Circulatory Systems and Exchange with the Environment

Overview of Exchange in Animals

Animals must exchange nutrients, gases, and wastes with their environment. In unicellular organisms, this exchange occurs directly across the plasma membrane by diffusion. However, in most multicellular organisms, direct exchange between every cell and the environment is not possible due to the limitations of diffusion over long distances. To overcome this, animals have evolved adaptations that ensure efficient exchange for all cells.

• Diffusion Limitation: The time for diffusion increases with the square of the distance, making it inefficient for large or thick-bodied organisms.

• Adaptations: Two main adaptations exist: (1) simple body plans that place most cells in direct contact with the environment, and (2) circulatory systems that transport fluids between exchange surfaces and body cells.

Gastrovascular Cavities

Simple Body Plans and Direct Exchange

Some animals, such as cnidarians and flatworms, have body shapes that allow many cells to be in direct contact with the environment. These animals use a central gastrovascular cavity for both digestion and distribution of substances throughout the body.

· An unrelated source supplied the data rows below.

(* Let $\langle X,d\rangle$ be a metric space. The following are equivalent: (1) $X$ is cofinally Bourbaki quasi-complete; (2) $X$ is cofinally Bourbaki complete and every CBC-regular function from $X$ to any metric space $Y$ maps cofinally Bourbaki quasi-Cauchy sequences to cofinally Bourbaki-Cauchy sequences; (3) $X$ is cofinally Bourbaki complete and every real-valued CBC-regular function on $X$ maps cofinally Bourbaki quasi-Cauchy sequences to cofinally Bourbaki-Cauchy sequences; (4) $X$ is cofinally Bourbaki complete and every cofinally Bourbaki quasi-Cauchy sequence in $X$ is cofinally Bourbaki-Cauchy.
   Context: For $\varepsilon>0$, an $\varepsilon$-chain joining $x,y$ is a finite sequence $x=x_0,\dots,x_n=y$ with consecutive distances $<\varepsilon$. A sequence $\langle x_n\rangle$ is cofinally Bourbaki quasi-Cauchy if for every $\varepsilon>0$ there is an infinite $N_\varepsilon\subseteq\mathbb{N}$ such that any $x_j,x_k$ with $j,k\in N_\varepsilon$ can be joined by an $\varepsilon$-chain; $X$ is cofinally Bourbaki quasi-complete if every such sequence has a cluster point. In a metric space $\langle Y,\rho\rangle$ let $S^1_\rho(p,\varepsilon)$ be the open $\varepsilon$-ball about $p$ and $S^{m}_\rho(p,\varepsilon)=\{y:\rho(y,S^{m-1}_\rho(p,\varepsilon))<\varepsilon\}$; a sequence $\langle y_n\rangle$ is cofinally Bourbaki-Cauchy if for every $\varepsilon>0$ there exist an infinite $N_\varepsilon\subseteq\mathbb{N}$, $m\in\mathbb{N}$, $p\in Y$ with $y_n\in S^m_\rho(p,\varepsilon)$ for all $n\in N_\varepsilon$. A space is cofinally Bourbaki complete if every cofinally Bourbaki-Cauchy sequence has a cluster point. A function between metric spaces is CBC-regular if it maps cofinally Bourbaki-Cauchy sequences to cofinally Bourbaki-Cauchy sequences. *)

theory Defs
  imports "HOL-Analysis.Analysis"
begin

text \<open>Metric spaces are given as a carrier M with a distance d satisfying
  the library predicate Metric_space M d.\<close>

definition eps_chain :: "'a set \<Rightarrow> ('a \<Rightarrow> 'a \<Rightarrow> real) \<Rightarrow> real \<Rightarrow> 'a \<Rightarrow> 'a \<Rightarrow> bool" where
  "eps_chain M d e x y \<longleftrightarrow>
     (\<exists>xs. xs \<noteq> [] \<and> hd xs = x \<and> last xs = y \<and> set xs \<subseteq> M \<and>
           (\<forall>i. Suc i < length xs \<longrightarrow> d (xs ! i) (xs ! Suc i) < e))"

definition cofinally_Bourbaki_quasi_Cauchy :: "'a set \<Rightarrow> ('a \<Rightarrow> 'a \<Rightarrow> real) \<Rightarrow> (nat \<Rightarrow> 'a) \<Rightarrow> bool" where
  "cofinally_Bourbaki_quasi_Cauchy M d s \<longleftrightarrow> range s \<subseteq> M \<and>
     (\<forall>e>0. \<exists>N::nat set. infinite N \<and> (\<forall>j\<in>N. \<forall>k\<in>N. eps_chain M d e (s j) (s k)))"

definition seq_cluster_point :: "'a set \<Rightarrow> ('a \<Rightarrow> 'a \<Rightarrow> real) \<Rightarrow> (nat \<Rightarrow> 'a) \<Rightarrow> 'a \<Rightarrow> bool" where
  "seq_cluster_point M d s p \<longleftrightarrow> p \<in> M \<and> (\<forall>e>0. infinite {n. d (s n) p < e})"

definition cofinally_Bourbaki_quasi_complete :: "'a set \<Rightarrow> ('a \<Rightarrow> 'a \<Rightarrow> real) \<Rightarrow> bool" where
  "cofinally_Bourbaki_quasi_complete M d \<longleftrightarrow>
     (\<forall>s. cofinally_Bourbaki_quasi_Cauchy M d s \<longrightarrow> (\<exists>p. seq_cluster_point M d s p))"

text \<open>Siter M d p e m is S^m(p,e); Siter 0 = {p}, so Siter 1 is the open e-ball.\<close>
primrec Siter :: "'a set \<Rightarrow> ('a \<Rightarrow> 'a \<Rightarrow> real) \<Rightarrow> 'a \<Rightarrow> real \<Rightarrow> nat \<Rightarrow> 'a set" where
  "Siter M d p e 0 = {p}"
| "Siter M d p e (Suc m) = {y \<in> M. \<exists>z \<in> Siter M d p e m. d y z < e}"

definition cofinally_Bourbaki_Cauchy :: "'a set \<Rightarrow> ('a \<Rightarrow> 'a \<Rightarrow> real) \<Rightarrow> (nat \<Rightarrow> 'a) \<Rightarrow> bool" where
  "cofinally_Bourbaki_Cauchy M d s \<longleftrightarrow> range s \<subseteq> M \<and>
     (\<forall>e>0. \<exists>N::nat set. \<exists>m::nat. \<exists>p\<in>M. infinite N \<and> m \<ge> 1 \<and>
         (\<forall>n\<in>N. s n \<in> Siter M d p e m))"

definition cofinally_Bourbaki_complete :: "'a set \<Rightarrow> ('a \<Rightarrow> 'a \<Rightarrow> real) \<Rightarrow> bool" where
  "cofinally_Bourbaki_complete M d \<longleftrightarrow>
     (\<forall>s. cofinally_Bourbaki_Cauchy M d s \<longrightarrow> (\<exists>p. seq_cluster_point M d s p))"

definition CBC_regular :: "'a set \<Rightarrow> ('a \<Rightarrow> 'a \<Rightarrow> real) \<Rightarrow> 'b set \<Rightarrow> ('b \<Rightarrow> 'b \<Rightarrow> real) \<Rightarrow> ('a \<Rightarrow> 'b) \<Rightarrow> bool" where
  "CBC_regular M d Y dY f \<longleftrightarrow> f ` M \<subseteq> Y \<and>
     (\<forall>s. cofinally_Bourbaki_Cauchy M d s \<longrightarrow> cofinally_Bourbaki_Cauchy Y dY (f \<circ> s))"

text \<open>Condition (2), with the target spaces ranging over metric spaces whose points have type 'b.\<close>
definition cond2 :: "'b itself \<Rightarrow> 'a set \<Rightarrow> ('a \<Rightarrow> 'a \<Rightarrow> real) \<Rightarrow> bool" where
  "cond2 _ X d \<longleftrightarrow> cofinally_Bourbaki_complete X d \<and>
     (\<forall>(Y::'b set) dY (f::'a \<Rightarrow> 'b). Metric_space Y dY \<and> CBC_regular X d Y dY f \<longrightarrow>
        (\<forall>s. cofinally_Bourbaki_quasi_Cauchy X d s \<longrightarrow> cofinally_Bourbaki_Cauchy Y dY (f \<circ> s)))"

end

theory Submission
  imports Defs
begin

text \<open>A sequence with a cluster point is cofinally Bourbaki-Cauchy, and cofinally
  Bourbaki-Cauchy sequences are cofinally Bourbaki quasi-Cauchy; this gives everything
  except that (3) implies (1). For that, let s be a quasi-Cauchy sequence without
  cluster point and let h x = inf {d x (s n) + 1/(n+1) | n}, the penalized distance
  below. No point of X is a cluster point, so h is bounded away from 0 near every point,
  and 1/h is bounded on an infinite part of every sequence having a cluster point. In a
  normed space being cofinally Bourbaki-Cauchy just means having a bounded subsequence,
  so by completeness 1/h is CBC-regular. But 1/h (s n) \<ge> n+1, so 1/h \<circ> s is not
  cofinally Bourbaki-Cauchy.\<close>

lemma eps_chain_iff_successively:
  "eps_chain M d e x y \<longleftrightarrow>
     (\<exists>xs. xs \<noteq> [] \<and> hd xs = x \<and> last xs = y \<and> set xs \<subseteq> M \<and>
           successively (\<lambda>a b. d a b < e) xs)"
  unfolding eps_chain_def successively_conv_nth ..

lemma eps_chain_refl: "x \<in> M \<Longrightarrow> eps_chain M d e x x"
  unfolding eps_chain_iff_successively by (intro exI[of _ "[x]"]) auto

lemma eps_chain_Cons:
  assumes "y \<in> M" "d y z < e" "eps_chain M d e z w"
  shows "eps_chain M d e y w"
proof -
  obtain xs where "xs \<noteq> []" "hd xs = z" "last xs = w" "set xs \<subseteq> M"
    "successively (\<lambda>a b. d a b < e) xs"
    using assms(3) unfolding eps_chain_iff_successively by blast
  with assms(1,2) show ?thesis
    unfolding eps_chain_iff_successively
    by (intro exI[of _ "y # xs"]) (auto simp: successively_Cons)
qed
lemma theta_graph_walk_arcs:
  assumes pe: "plane_embedding V E pos \<gamma>"
    and paths: "is_path V E L1" "is_path V E L2" "is_path V E P"
    and starts: "hd L1 = x" "hd L2 = x" "hd P = x"
    and finishes: "last L1 = y" "last L2 = y" "last P = y"
    and vertices: "set L1 \<inter> set L2 = {x, y}" "set L1 \<inter> set P = {x, y}" "set L2 \<inter> set P = {x, y}"
    and edges: "walk_edges L1 \<inter> walk_edges L2 = {}" "walk_edges L1 \<inter> walk_edges P = {}"
      "walk_edges L2 \<inter> walk_edges P = {}"
  shows "theta_graph (pos x) (pos y) (walk_arc pos \<gamma> L1) (walk_arc pos \<gamma> L2) (walk_arc pos \<gamma> P)"
  using walk_arc[OF pe paths(1)] walk_arc[OF pe paths(2)] walk_arc[OF pe paths(3)] starts finishes
    walk_arcs_Int[OF pe paths(1,2) edges(1)] walk_arcs_Int[OF pe paths(1,3) edges(2)]
    walk_arcs_Int[OF pe paths(2,3) edges(3)] vertices
  by unfold_locales simp_all

lemma face_excludes_crossing_path:
  assumes sg: "simple_graph V E" and pe: "plane_embedding V E pos \<gamma>"
    and F: "F \<in> components (- drawing V E pos \<gamma>)"
    and frontier: "frontier F = edges_image \<gamma> (walk_edges L1 \<union> walk_edges L2)"
    and L1: "is_path V E L1" "hd L1 = x" "last L1 = y"
    and L2: "is_path V E L2" "hd L2 = x" "last L2 = y"
    and L12: "set L1 \<inter> set L2 = {x, y}" "walk_edges L1 \<inter> walk_edges L2 = {}"
    and P: "is_path V E P" "hd P = x" "last P = y"
      "walk_edges P \<inter> (walk_edges L1 \<union> walk_edges L2) = {}"
      "set P \<inter> (set L1 \<union> set L2) \<subseteq> {x, y}"
    and Q: "is_path V E Q" "hd Q \<in> set L1 - {x, y}" "last Q \<in> set L2 - {x, y}"
      "walk_edges Q \<inter> (walk_edges L1 \<union> walk_edges L2) = {}"
      "set Q \<inter> (set L1 \<union> set L2) \<subseteq> {hd Q, last Q}"
    and PQ: "set P \<inter> set Q = {}"
  shows False
proof -
  define c1 c2 a b where "c1 = walk_arc pos \<gamma> L1" and "c2 = walk_arc pos \<gamma> L2"
    and "a = walk_arc pos \<gamma> P" and "b = walk_arc pos \<gamma> Q"
  have "x \<in> set L1" "y \<in> set L1"
    using is_path_ends_in_set[OF L1(1)] L1 by auto
  then have "set L1 \<inter> set P = {x, y}" "set L2 \<inter> set P = {x, y}"
    using P(5) is_path_ends_in_set[OF P(1)] P(2,3) L12(1) by blast+
  then interpret theta_graph "pos x" "pos y" c1 c2 a
    unfolding c1_def c2_def a_def
    using P(4) by (intro theta_graph_walk_arcs[OF pe L1(1) L2(1) P(1)] L1 L2 P L12) blast+
  have b: "arc b" "pathstart b = pos (hd Q)" "pathfinish b = pos (last Q)"
    using walk_arc[OF pe Q(1)] by (simp_all add: b_def)
  have QL: "walk_edges Q \<inter> walk_edges L1 = {}" "walk_edges Q \<inter> walk_edges L2 = {}"
    using Q(4) by blast+
  have "hd Q \<in> V" "last Q \<in> V" "x \<in> V" "y \<in> V"
    using Q(1) L1(1) \<open>x \<in> set L1\<close> \<open>y \<in> set L1\<close> is_path_ends_in_set[OF Q(1)]
    by (auto simp: is_path_def)
  then have "pos (hd Q) \<notin> {pos x, pos y}" "pos (last Q) \<notin> {pos x, pos y}"
    using pe Q(2,3) by (auto simp: plane_embedding_def dest: inj_onD)
  then have "pathstart b \<in> path_image c1 - {pos x, pos y}"
    and "pathfinish b \<in> path_image c2 - {pos x, pos y}"
    using b vertex_in_walk_arc[OF pe L1(1)] vertex_in_walk_arc[OF pe L2(1)] Q(2,3)
    by (auto simp: c1_def c2_def)
  moreover have "path_image b \<inter> (path_image c1 \<union> path_image c2) \<subseteq> {pathstart b, pathfinish b}"
    using walk_arcs_Int[OF pe Q(1) L1(1) QL(1)] walk_arcs_Int[OF pe Q(1) L2(1) QL(2)] Q(5) b
    by (auto simp: b_def c1_def c2_def)
  moreover have "path_image b \<inter> path_image a = {}"
    using walk_arcs_Int[OF pe Q(1) P(1)] walk_edges_disjoint[of Q P] PQ
    by (auto simp: a_def b_def)
  moreover have "open F"
    using open_components[OF _ F] closed_drawing[OF sg pe] by (simp add: open_Compl)
  moreover have "F \<inter> (path_image c1 \<union> path_image c2 \<union> path_image a \<union> path_image b) = {}"
    using in_components_subset[OF F] walk_arc_subset_drawing[OF pe] L1(1) L2(1) P(1) Q(1)
    unfolding c1_def c2_def a_def b_def by blast
  moreover have "frontier F = path_image c1 \<union> path_image c2"
    using frontier walk_arc[OF pe L1(1)] walk_arc[OF pe L2(1)]
    by (simp add: c1_def c2_def edges_image_def)
  ultimately show False
    using face_excludes_crossing_arc in_components_connected[OF F] in_components_nonempty[OF F] b(1)
    by blast
qed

• Gastrovascular Cavity: A central cavity with a single opening that functions in both digestion and distribution of nutrients.

• Examples: Aurelia (moon jelly, a cnidarian) and Dugesia (planarian, a flatworm) utilize this system.

• Exchange Mechanism: Fluid in the cavity bathes both inner and outer tissue layers, facilitating exchange of gases and wastes. The thin body wall ensures short diffusion distances.

• Surface Area: Flatworms maximize surface area and minimize diffusion distance by having a flattened body.

Example: In Aurelia, radial canals distribute nutrients from the gastrovascular cavity, while in Dugesia, a highly branched cavity ensures all cells are near a source of nutrients and oxygen.

Open and Closed Circulatory Systems

Basic Components and Functions

Most animals with complex body plans have a circulatory system composed of three main components: a circulatory fluid, a set of interconnecting vessels, and a muscular pump (heart). The heart generates hydrostatic pressure to move the fluid through the vessels, connecting exchange surfaces with body cells.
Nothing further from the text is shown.